The thought of running against Aric’s approach, whatever the decay mechanic was doing to time and structural integrity, was genuinely interesting.
Elena’s economy of movement, the puzzle-solving quality of how she had handled the sea serpent, and the question of how that translated into actual engagement. The Crimson Twins’ synchronization and what it would look like against someone who did not have a partner it had been calibrated to.
All of it was interesting.
The television kept running. More footage from more cities, the regional picture building itself out across the screen, and the apartment around it was warm.

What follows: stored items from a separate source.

(* Written on the coefficients (T_2k, T_2k-1, T_2k-2, T_2k-3), the action on SQ^{delta-n,p,4} is the
  direct sum of F_n, F_(n+1/2), F_(n+1), F_(n+3/2) (parities shifted by p) deformed by the cocycles
  coc 1, coc 2, coc 3, with coefficients A, B, C between adjacent slots, 2AB, 2BC two slots apart
  and X from the first slot to the last.  When n, n + 1/2 and n + 1 are nonzero, a unitriangular
  change of coordinates built from D, D^2 and D^3 removes A, B, C and leaves the single invariant
  X - 4ABC/(2n+1), a nonzero multiple of f0 (p = 0) resp. f1 (p = 1).  Rescaling the first slot
  normalises it to 0 or 1, and the parity shift is irrelevant because odd equivalences are allowed.
  The two normal forms are inequivalent: an equivalence maps the constant 1 in F_n, a lowest weight
  vector, to a lowest weight vector of the split module, i.e. a multiple of 1; there the operator
  2n(2n+1) X_(x^3) - 3n X_(x^2) X_(x^2) annihilates it, while in the non-split module it does not. *)

lemmas sf_defs = sf_add_def sf_scale_def sf_neg_def sf_mult_def sf_zero_def sf_dx_def
  sf_D_def sf_Dbar_def sf_sigma_def sf_part_def Ldens_def

lemmas sf_pderiv_simps = sf_defs prod_eq_iff pderiv_add pderiv_diff pderiv_minus pderiv_smult
  pderiv_mult

lemma sf_hom_cong: "even q = even q' \<Longrightarrow> sf_hom q X = sf_hom q' X"
  by (simp add: sf_hom_def)

lemma sf_part_add: "sf_add (sf_part q X) (sf_part (Suc q) X) = X"
  by (simp add: sf_defs)

lemma sf_hom_add_cancel: "sf_hom q (sf_add X Y) \<Longrightarrow> sf_hom q X \<Longrightarrow> sf_hom q Y"
  by (auto simp: sf_hom_def sf_defs split: if_splits)

lemma sf_hom_Suc_zero: "sf_hom q X \<Longrightarrow> sf_hom (Suc q) X \<Longrightarrow> X = sf_zero"
  by (cases X) (auto simp: sf_hom_def sf_defs split: if_splits)

lemma sf_add_neg_cancel:
  "sf_add (sf_add X (sf_neg Y)) Y = X"
  "sf_add (sf_add X Y) (sf_neg Y) = X"
  by (simp_all add: sf_defs)

lemma sf_scale_scale: "sf_scale a (sf_scale b X) = sf_scale (a * b) X"
  by (simp add: sf_scale_def)

lemma sf_scale_1: "sf_scale 1 X = X"
  by (simp add: sf_scale_def)

section \<open>Equivalence of modules\<close>

definition zvec :: vec where
  "zvec = (\<lambda>_. sf_zero)"

lemma zvec_V4: "zvec \<in> V4"
  by (simp add: V4_def zvec_def)

lemma vscale_0: "vscale 0 v = zvec"
  by (simp add: vscale_def zvec_def sf_defs)

lemma vadd_V4: "u \<in> V4 \<Longrightarrow> v \<in> V4 \<Longrightarrow> vadd u v \<in> V4"
  by (simp add: V4_def vadd_def sf_defs)

lemma vscale_V4: "v \<in> V4 \<Longrightarrow> vscale c v \<in> V4"
  by (simp add: V4_def vscale_def sf_defs)

lemma vec_hom_cong: "even q = even q' \<Longrightarrow> vec_hom e q v = vec_hom e q' v"
  by (simp add: vec_hom_def sf_hom_def even_add)

lemma vec_hom_decompose:
  assumes "v \<in> V4"
  obtains va vb where "v = vadd va vb" "va \<in> V4" "vb \<in> V4"
    "vec_hom e r va" "vec_hom e (Suc r) vb"
proof
  show "v = vadd (\<lambda>j. sf_part (r + e j) (v j)) (\<lambda>j. sf_part (Suc (r + e j)) (v j))"
    by (simp add: vadd_def sf_part_add)
qed (use assms in \<open>auto simp: V4_def vec_hom_def sf_hom_def sf_defs\<close>)

lemma vec_hom_add_cancel: "vec_hom e r (vadd u w) \<Longrightarrow> vec_hom e r u \<Longrightarrow> vec_hom e r w"
  unfolding vec_hom_def vadd_def using sf_hom_add_cancel by blast

lemma vec_hom_Suc_zvec: "vec_hom e r v \<Longrightarrow> vec_hom e (Suc r) v \<Longrightarrow> v = zvec"
  unfolding vec_hom_def zvec_def using sf_hom_Suc_zero by fastforce

definition kiso :: "(vec \<Rightarrow> vec) \<Rightarrow> nat \<Rightarrow> kmod \<Rightarrow> kmod \<Rightarrow> bool" where
  "kiso \<phi> s M M' \<longleftrightarrow> bij_betw \<phi> V4 V4
     \<and> (\<forall>u\<in>V4. \<forall>v\<in>V4. \<phi> (vadd u v) = vadd (\<phi> u) (\<phi> v))
     \<and> (\<forall>c. \<forall>v\<in>V4. \<phi> (vscale c v) = vscale c (\<phi> v))
     \<and> (\<forall>r. \<forall>v\<in>V4. vec_hom (fst M) r v \<longrightarrow> vec_hom (fst M') (r + s) (\<phi> v))
     \<and> (\<forall>F. \<forall>v\<in>V4. \<phi> (snd M F v) = snd M' F (\<phi> v))"

lemma kisoD:
  assumes "kiso \<phi> s M M'"
  shows "bij_betw \<phi> V4 V4"
    and "u \<in> V4 \<Longrightarrow> v \<in> V4 \<Longrightarrow> \<phi> (vadd u v) = vadd (\<phi> u) (\<phi> v)"
    and "v \<in> V4 \<Longrightarrow> \<phi> (vscale c v) = vscale c (\<phi> v)"
    and "v \<in> V4 \<Longrightarrow> vec_hom (fst M) r v \<Longrightarrow> vec_hom (fst M') (r + s) (\<phi> v)"
    and "v \<in> V4 \<Longrightarrow> \<phi> (snd M F v) = snd M' F (\<phi> v)"
  using assms unfolding kiso_def by blast+

lemma kequiv_iff_kiso: "kequiv M M' \<longleftrightarrow> (\<exists>\<phi> s. kiso \<phi> s M M')"
  by (simp add: kequiv_def kiso_def)

(* kequiv only constrains the maps on V4, so its symmetry needs the action to preserve V4. *)
definition kmod_closed :: "kmod \<Rightarrow> bool" where
  "kmod_closed M \<longleftrightarrow> (\<forall>F. \<forall>v\<in>V4. snd M F v \<in> V4)"
(* Let $f\in S_d(M,L,\alpha,R)$. For all $0<h<\frac{R}{2}$ and $\lambda\in\mathbb{R}$, the map $F_{\lambda,h}$ is a deformation retraction of $\mathcal{K}_{\lambda,h}$ onto $\mathcal{G}_{\lambda,h}$. Furthermore, $\mathcal{F}_{\lambda}^{h}\subset \mathcal{K}_{\lambda,h}\subset \mathcal{F}_{\lambda}^{2h}$ and $\mathcal{F}_{\lambda}\subset\mathcal{G}_{\lambda,h}\subset \mathcal{F}_{\lambda+L(1+3^{\alpha})h^{\alpha}}$.
   Context: $S_d(M,L,\alpha,R)$: functions $f:[0,1]^d\to\mathbb{R}$ with (A0) $|f|\le M$; (A1) disjoint open sets $M_1,\dots,M_l\subset[0,1]^d$ with $\bigcup_i\overline{M_i}=[0,1]^d$ and $|f(x)-f(y)|\le L\|x-y\|_2^\alpha$ for $x,y$ in a common $M_i$; (A2) $\liminf_{x\to x_0,x\in\bigcup_iM_i}f(x)=f(x_0)$ for all $x_0$; (A3) $\Gamma:=\bigcup_i\partial M_i\cap]0,1[^d$ is a $C^{1,1}$ hypersurface with reach at least $R$ and Hausdorff distance to $\partial[0,1]^d$ at least $R$ (reach: supremum of $r$ such that every point at distance $<r$ from $\Gamma$ has a unique nearest point in $\Gamma$). Notation: $\mathcal{F}_\lambda=f^{-1}(]-\infty,\lambda])$; $\operatorname{dist}(x,A)=\inf_{a\in A}\|x-a\|_2$; $A^b=\{x\in[0,1]^d:\operatorname{dist}(x,A)\le b\}$. For $x$ with $\operatorname{dist}(x,\Gamma)<R$, $\xi(x)$ denotes the unique nearest point of $\Gamma$ to $x$. $[x,y]$ is the line segment. $S_{\lambda,h}=\left(\Gamma^{h}\setminus\mathcal{F}_{\lambda+Lh^\alpha}\right)\cap\mathcal{F}_\lambda^h$; $\mathcal{K}_{\lambda,h}=\mathcal{F}_\lambda^h\cup\bigcup_{z\in S_{\lambda,h}}[z,\xi(z)]$. Condition (C1) for $x$: there exists $i$ with $x\in\left(\bigcup_{z\in S_{\lambda,h}}[z,\xi(z)]\right)\cap M_i$ and $\operatorname{dist}(\xi(x),M_i\cap\mathcal{F}_{\lambda+Lh^\alpha})\ge 2h-\|x-\xi(x)\|_2$. $F_{\lambda,h}:\mathcal{K}_{\lambda,h}\times[0,1]\to\mathcal{K}_{\lambda,h}$: if $x$ satisfies (C1) with index $i$, $F_{\lambda,h}(x,t)=(1-t)x+t\left(\xi(x)+\left(2h-\operatorname{dist}(\xi(x),M_i\cap\mathcal{F}_{\lambda+Lh^\alpha})\right)_+\frac{x-\xi(x)}{\|x-\xi(x)\|_2}\right)$; otherwise $F_{\lambda,h}(x,t)=x$. Here $(u)_+=\max(u,0)$. $\mathcal{G}_{\lambda,h}=\{F_{\lambda,h}(x,1):x\in\mathcal{K}_{\lambda,h}\}$. A deformation retraction of $X$ onto $A\subset X$ is a continuous $F:X\times[0,1]\to X$ with $F(x,0)=x$, $F(x,1)\in A$ for all $x\in X$, and $F(a,1)=a$ for all $a\in A$. *)

theory Defs
  imports "HOL-Analysis.Analysis"
begin

text \<open>Ambient space: an arbitrary Euclidean space 'a with d = DIM('a);
  the unit cube [0,1]^d is cbox 0 One, its interior ]0,1[^d is box 0 One.\<close>

abbreviation cube :: "'a::euclidean_space set" where
  "cube \<equiv> cbox 0 One"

The conversation had gone comfortable again, Leo explaining at some length why the Crimson Twins were the correct answer to some question nobody had asked.
Mina responded with the patient engagement she brought to all of Leo’s explanations.
Sera was sitting at the end of the couch with her tea and looking at the regional rankings. Kai was looking at the same list.
The city rankings had been the first scope. Regional was coming. National was further out, but the direction was clear.
The system was not finished expanding the frame of comparison.
For the first time since the Mythal phase ended, Kai could see past the next immediate step. Not just the next dungeon or the next threshold.
The actual shape of what was coming, the competition structure the system was building toward, the hunters in other cities who had been working through their own versions of the same problems he had been working through.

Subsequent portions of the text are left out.